Task statement: Find each line below that includes "nhds", then copy it.

Task input:
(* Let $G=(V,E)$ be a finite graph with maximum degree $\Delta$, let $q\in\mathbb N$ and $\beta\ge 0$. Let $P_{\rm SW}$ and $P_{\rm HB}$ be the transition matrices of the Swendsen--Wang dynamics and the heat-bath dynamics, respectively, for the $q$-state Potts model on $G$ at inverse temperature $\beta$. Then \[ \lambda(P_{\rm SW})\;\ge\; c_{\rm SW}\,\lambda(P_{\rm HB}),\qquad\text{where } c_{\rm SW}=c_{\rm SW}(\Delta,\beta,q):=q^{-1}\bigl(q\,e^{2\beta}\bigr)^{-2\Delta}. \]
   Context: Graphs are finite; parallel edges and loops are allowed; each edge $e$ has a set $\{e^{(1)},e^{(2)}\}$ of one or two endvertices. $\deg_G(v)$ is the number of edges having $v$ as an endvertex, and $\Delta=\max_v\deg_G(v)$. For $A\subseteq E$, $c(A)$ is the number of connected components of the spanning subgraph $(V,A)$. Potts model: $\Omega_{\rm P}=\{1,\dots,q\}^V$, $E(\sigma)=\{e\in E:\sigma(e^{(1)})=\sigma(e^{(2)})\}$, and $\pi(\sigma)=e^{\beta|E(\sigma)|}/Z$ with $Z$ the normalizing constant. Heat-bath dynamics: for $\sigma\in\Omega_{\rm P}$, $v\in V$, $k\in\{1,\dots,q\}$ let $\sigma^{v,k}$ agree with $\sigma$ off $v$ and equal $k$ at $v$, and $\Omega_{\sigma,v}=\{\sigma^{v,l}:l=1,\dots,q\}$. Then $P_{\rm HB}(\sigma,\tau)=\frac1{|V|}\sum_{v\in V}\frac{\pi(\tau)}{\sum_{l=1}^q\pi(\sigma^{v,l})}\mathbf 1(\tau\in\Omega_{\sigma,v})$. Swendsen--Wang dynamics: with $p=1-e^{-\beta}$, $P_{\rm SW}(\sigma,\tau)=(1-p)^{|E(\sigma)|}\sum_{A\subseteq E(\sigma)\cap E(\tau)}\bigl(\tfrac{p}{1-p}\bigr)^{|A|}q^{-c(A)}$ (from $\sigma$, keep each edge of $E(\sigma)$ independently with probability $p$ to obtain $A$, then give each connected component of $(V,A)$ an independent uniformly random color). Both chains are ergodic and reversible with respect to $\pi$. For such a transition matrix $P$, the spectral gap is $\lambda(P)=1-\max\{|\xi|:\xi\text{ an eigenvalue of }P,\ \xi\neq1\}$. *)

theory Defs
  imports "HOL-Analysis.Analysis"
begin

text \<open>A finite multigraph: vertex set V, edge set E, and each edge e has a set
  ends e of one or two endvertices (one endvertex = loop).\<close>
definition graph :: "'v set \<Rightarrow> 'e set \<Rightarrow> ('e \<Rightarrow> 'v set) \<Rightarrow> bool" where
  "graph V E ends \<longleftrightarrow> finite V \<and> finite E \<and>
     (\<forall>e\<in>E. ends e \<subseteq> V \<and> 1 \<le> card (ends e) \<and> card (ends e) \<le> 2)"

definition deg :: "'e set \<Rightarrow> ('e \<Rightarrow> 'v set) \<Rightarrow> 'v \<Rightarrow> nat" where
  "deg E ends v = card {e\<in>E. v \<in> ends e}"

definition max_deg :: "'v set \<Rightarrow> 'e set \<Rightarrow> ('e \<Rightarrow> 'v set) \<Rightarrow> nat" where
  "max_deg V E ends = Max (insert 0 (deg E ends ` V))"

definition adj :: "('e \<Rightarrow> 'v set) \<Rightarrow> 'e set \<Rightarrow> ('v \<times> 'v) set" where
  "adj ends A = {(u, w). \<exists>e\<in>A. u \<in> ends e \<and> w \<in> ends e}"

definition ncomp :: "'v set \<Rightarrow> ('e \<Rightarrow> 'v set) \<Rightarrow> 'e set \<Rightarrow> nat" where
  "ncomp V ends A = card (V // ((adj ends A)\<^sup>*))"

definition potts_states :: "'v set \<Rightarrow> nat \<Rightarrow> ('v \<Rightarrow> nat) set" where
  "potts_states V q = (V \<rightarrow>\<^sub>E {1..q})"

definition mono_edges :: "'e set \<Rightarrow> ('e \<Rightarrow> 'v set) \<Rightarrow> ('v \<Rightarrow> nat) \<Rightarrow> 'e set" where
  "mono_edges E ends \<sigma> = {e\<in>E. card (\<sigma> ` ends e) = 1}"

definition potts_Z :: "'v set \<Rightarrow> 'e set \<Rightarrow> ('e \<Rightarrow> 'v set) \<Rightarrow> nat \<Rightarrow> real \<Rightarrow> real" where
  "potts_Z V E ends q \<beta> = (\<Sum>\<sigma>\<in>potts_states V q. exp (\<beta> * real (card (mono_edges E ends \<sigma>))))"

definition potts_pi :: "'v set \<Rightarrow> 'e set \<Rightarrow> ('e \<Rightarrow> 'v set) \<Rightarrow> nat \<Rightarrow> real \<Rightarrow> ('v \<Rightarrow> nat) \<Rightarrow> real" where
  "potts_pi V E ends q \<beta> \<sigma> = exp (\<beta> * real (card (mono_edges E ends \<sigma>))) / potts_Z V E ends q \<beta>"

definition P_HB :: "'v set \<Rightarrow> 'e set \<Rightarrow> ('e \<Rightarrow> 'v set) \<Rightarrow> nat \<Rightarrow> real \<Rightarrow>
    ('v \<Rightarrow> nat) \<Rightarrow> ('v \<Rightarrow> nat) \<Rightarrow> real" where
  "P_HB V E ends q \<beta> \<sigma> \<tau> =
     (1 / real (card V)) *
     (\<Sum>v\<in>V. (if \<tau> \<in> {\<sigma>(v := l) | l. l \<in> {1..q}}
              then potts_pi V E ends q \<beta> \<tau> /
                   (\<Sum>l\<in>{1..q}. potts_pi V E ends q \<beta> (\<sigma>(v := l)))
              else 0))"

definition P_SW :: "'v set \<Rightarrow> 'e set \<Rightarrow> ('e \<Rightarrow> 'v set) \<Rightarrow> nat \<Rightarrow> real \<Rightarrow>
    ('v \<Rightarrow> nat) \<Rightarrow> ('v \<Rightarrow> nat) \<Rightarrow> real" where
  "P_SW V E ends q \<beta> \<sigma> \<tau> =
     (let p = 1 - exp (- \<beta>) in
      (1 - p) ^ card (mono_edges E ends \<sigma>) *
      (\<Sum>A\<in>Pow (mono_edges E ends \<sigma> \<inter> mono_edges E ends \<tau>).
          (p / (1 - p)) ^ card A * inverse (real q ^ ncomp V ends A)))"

* * *

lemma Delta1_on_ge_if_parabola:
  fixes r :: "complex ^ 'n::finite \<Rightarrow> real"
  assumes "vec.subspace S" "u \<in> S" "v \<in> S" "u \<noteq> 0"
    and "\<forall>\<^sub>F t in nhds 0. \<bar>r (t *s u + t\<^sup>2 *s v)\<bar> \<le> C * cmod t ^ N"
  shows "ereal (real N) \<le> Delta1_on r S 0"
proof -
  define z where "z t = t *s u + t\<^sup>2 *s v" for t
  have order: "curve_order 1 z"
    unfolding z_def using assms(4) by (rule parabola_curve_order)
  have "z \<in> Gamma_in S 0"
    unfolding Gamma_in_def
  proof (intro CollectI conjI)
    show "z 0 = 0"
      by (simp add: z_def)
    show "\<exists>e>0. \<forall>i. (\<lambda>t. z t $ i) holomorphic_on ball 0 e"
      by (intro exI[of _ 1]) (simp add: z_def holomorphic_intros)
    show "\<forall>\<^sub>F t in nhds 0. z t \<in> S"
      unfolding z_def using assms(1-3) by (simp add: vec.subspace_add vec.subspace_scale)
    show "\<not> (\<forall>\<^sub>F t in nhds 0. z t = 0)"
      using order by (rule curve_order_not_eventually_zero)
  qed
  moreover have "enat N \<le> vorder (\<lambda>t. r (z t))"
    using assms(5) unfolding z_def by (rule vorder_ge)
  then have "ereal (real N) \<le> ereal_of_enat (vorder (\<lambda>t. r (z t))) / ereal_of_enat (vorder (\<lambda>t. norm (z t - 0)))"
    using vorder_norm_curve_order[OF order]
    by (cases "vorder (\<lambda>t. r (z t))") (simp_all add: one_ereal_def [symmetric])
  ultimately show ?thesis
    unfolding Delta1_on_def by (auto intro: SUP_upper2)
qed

Expected answer:
    and "\<forall>\<^sub>F t in nhds 0. \<bar>r (t *s u + t\<^sup>2 *s v)\<bar> \<le> C * cmod t ^ N"
    show "\<forall>\<^sub>F t in nhds 0. z t \<in> S"
    show "\<not> (\<forall>\<^sub>F t in nhds 0. z t = 0)"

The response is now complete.